Monday, 6 April 2015

Speaking Actors Living in the Phone

A Hollywood actor who couldn't speak wouldn't get far. How soon before we say the same of mobile apps?

This article is a bit off-topic for this blog, but it's a bit of fun and the subject deserves more attention. Over the past 18 months the Google Text-to-Speech API has come a long way on the Android platform. I decided to take advantage of it in the Libanius quiz app. For example, when the app presents a quiz item, it should speak the prompt ("Clairvoyance" in the picture).

Libanius uses the actor model from Akka to coordinate its subsystems. To see how Android can be set up to use Akka actors, see this from Typesafe, or this from me. Assuming the Akka infrastructure is in place, a speaking actor can be created like this:

class Voice(implicit ctx: Context) extends Actor with TextToSpeech.OnInitListener {

  val tts = new TextToSpeech(ctx, this)

  override def receive = {
    case Speak(text: String, quizGroupKeyType: String) => // see next code snippet
    case _ => logError("Voice received an unknown command")

The Context of the Android activity is passed to the actor because the TextToSpeech class needs it for initialization. Speak is just a case class for the message that is sent to the actor. We have to implement what happens when that message is received.

The prompt could be in various different languages. The Google API supplies a different voice for each language, so we need to take advantage of this.

  case Speak(text: String, quizGroupKeyType: String) =>
    KnownQuizGroups.getLocale(quizGroupKeyType).foreach(speak(text, _))
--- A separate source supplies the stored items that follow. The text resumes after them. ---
(* Let $G$ and $H$ be finitely generated groups, let $f:G\to H$ be a surjective homomorphism, and let $S=(g_1,\dots,g_n)\in\Gamma_n(G)$. Then: (1) if $\Gamma_n(H,f(S))$ has exponential growth, where $f(S)=(f(g_1),\dots,f(g_n))$, then $\Gamma_n(G,S)$ has exponential growth; (2) if some connected component of $\Gamma_m(H)$ has exponential growth, then $\Gamma_{n+m}(G,S)$ has exponential growth; (3) if $H$ has exponential Nielsen growth, then $G$ has exponential Nielsen growth.
   Context: For a group $G$, a generating $n$-tuple is $(g_1,\dots,g_n)\in G^n$ with $G=\langle g_1,\dots,g_n\rangle$. The product replacement graph $\Gamma_n(G)$ has vertices the generating $n$-tuples, with edges from $(g_1,\dots,g_n)$ to each tuple obtained by replacing $g_j$ by $g_jg_i^{\pm1}$ or $g_i^{\pm1}g_j$, for every ordered pair $i\neq j$. For $S=(g_1,\dots,g_n)\in\Gamma_n(G)$ and $m\ge0$, $S^{(m)}=(g_1,\dots,g_n,1,\dots,1)\in\Gamma_{n+m}(G)$ and $\Gamma_{n+m}(G,S)$ is the connected component of $\Gamma_{n+m}(G)$ containing $S^{(m)}$ (so $\Gamma_n(G,S)$ is the component containing $S$). For a graph $\Gamma$ and vertex $v$, $B_\Gamma(v,r)$ is the set of vertices at path distance at most $r$ from $v$; a graph has exponential growth from $v$ if $|B_\Gamma(v,r)|\ge\alpha^r$ for some $\alpha>1$ and all sufficiently large $r$; a connected graph has exponential growth if it has exponential growth from some (equivalently every) vertex. $G$ has exponential Nielsen growth if $\Gamma_n(G,S)$ has exponential growth for some $n$ and some generating $n$-tuple $S$. *)

theory Defs
  imports "HOL-Algebra.Algebra"
begin

definition gen_tuple :: "('a, 'c) monoid_scheme \<Rightarrow> nat \<Rightarrow> 'a list \<Rightarrow> bool" where
  "gen_tuple G n S \<longleftrightarrow> length S = n \<and> set S \<subseteq> carrier G \<and> generate G (set S) = carrier G"

definition fin_gen :: "('a, 'c) monoid_scheme \<Rightarrow> bool" where
  "fin_gen G \<longleftrightarrow> (\<exists>A. finite A \<and> A \<subseteq> carrier G \<and> generate G A = carrier G)"

definition nielsen_move :: "('a, 'c) monoid_scheme \<Rightarrow> 'a list \<Rightarrow> 'a list \<Rightarrow> bool" where
  "nielsen_move G S T \<longleftrightarrow> (\<exists>i j. i < length S \<and> j < length S \<and> i \<noteq> j \<and>
     (T = S[j := S!j \<otimes>\<^bsub>G\<^esub> S!i] \<or> T = S[j := S!j \<otimes>\<^bsub>G\<^esub> inv\<^bsub>G\<^esub> (S!i)] \<or>
      T = S[j := S!i \<otimes>\<^bsub>G\<^esub> S!j] \<or> T = S[j := inv\<^bsub>G\<^esub> (S!i) \<otimes>\<^bsub>G\<^esub> S!j]))"

definition pr_edge :: "('a, 'c) monoid_scheme \<Rightarrow> nat \<Rightarrow> 'a list \<Rightarrow> 'a list \<Rightarrow> bool" where
  "pr_edge G n S T \<longleftrightarrow> gen_tuple G n S \<and> gen_tuple G n T \<and> nielsen_move G S T"

definition pr_ball :: "('a, 'c) monoid_scheme \<Rightarrow> nat \<Rightarrow> 'a list \<Rightarrow> nat \<Rightarrow> 'a list set" where
  "pr_ball G n v r = {w. gen_tuple G n w \<and> (\<exists>k\<le>r. (pr_edge G n ^^ k) v w)}"

definition pr_component :: "('a, 'c) monoid_scheme \<Rightarrow> nat \<Rightarrow> 'a list \<Rightarrow> 'a list set" where
  "pr_component G n v = {w. gen_tuple G n w \<and> (pr_edge G n)\<^sup>*\<^sup>* v w}"

definition exp_growth_from :: "('a, 'c) monoid_scheme \<Rightarrow> nat \<Rightarrow> 'a list \<Rightarrow> bool" where
  "exp_growth_from G n v \<longleftrightarrow>
     (\<exists>\<alpha>::real. \<alpha> > 1 \<and> (\<forall>\<^sub>F r in sequentially. \<alpha> ^ r \<le> real (card (pr_ball G n v r))))"

definition comp_exp_growth :: "('a, 'c) monoid_scheme \<Rightarrow> nat \<Rightarrow> 'a list \<Rightarrow> bool" where
  "comp_exp_growth G n S \<longleftrightarrow> (\<exists>v\<in>pr_component G n S. exp_growth_from G n v)"

definition pad :: "('a, 'c) monoid_scheme \<Rightarrow> 'a list \<Rightarrow> nat \<Rightarrow> 'a list" where
  "pad G S m = S @ replicate m \<one>\<^bsub>G\<^esub>"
KnownQuizGroups is a simple map of Libanius quiz group types (e.g. "Spanish") to locales
recognized by TextToSpeech.

The speak method finally uses the TextToSpeech API to set the voice according to the given locale, and actually speak the text. It works fine whether the text is a word or a full sentence.

def speak(text: String, locale: Locale) {
  tts.speak(text, TextToSpeech.QUEUE_FLUSH, null)

private[this] def setSpeechLanguage(locale: Locale): Unit = {
  val result: Int = tts.setLanguage(locale)
  if (result == TextToSpeech.LANG_MISSING_DATA || result == TextToSpeech.LANG_NOT_SUPPORTED)
    logError("Language is not available.")

Also we must remember in the Speak code to reset the language after the message is spoken.


While we're adding sound to the Libanius quiz, how about a ping sound for a correct answer, and a buzz sound for a wrong answer? This is a job for another actor: SoundPlayer. The guts of it look like this:

class SoundPlayer(implicit ctx: Context) extends Actor {

  val audioManager: AudioManager =
  val soundPool: SoundPool = new SoundPool(10, AudioManager.STREAM_MUSIC, 0)
  var soundPoolMap = Map[SoundSample, Int]()

  override def receive = {
    case Load() => 
    case Play(soundSample: SoundSample) =>
      val curVolume = audioManager.getStreamVolume(AudioManager.STREAM_MUSIC), curVolume, curVolume, 1,  0, 1f)
    case _ =>
      logError("SoundPlayer received an unknown command")

There is more complete code on Github. This is all for the Android platform, but of course you can also use Akka actors for sound on other platforms like the Mac: see Alvin Alexander's Wikipedia Reader page for some sample code. Have fun!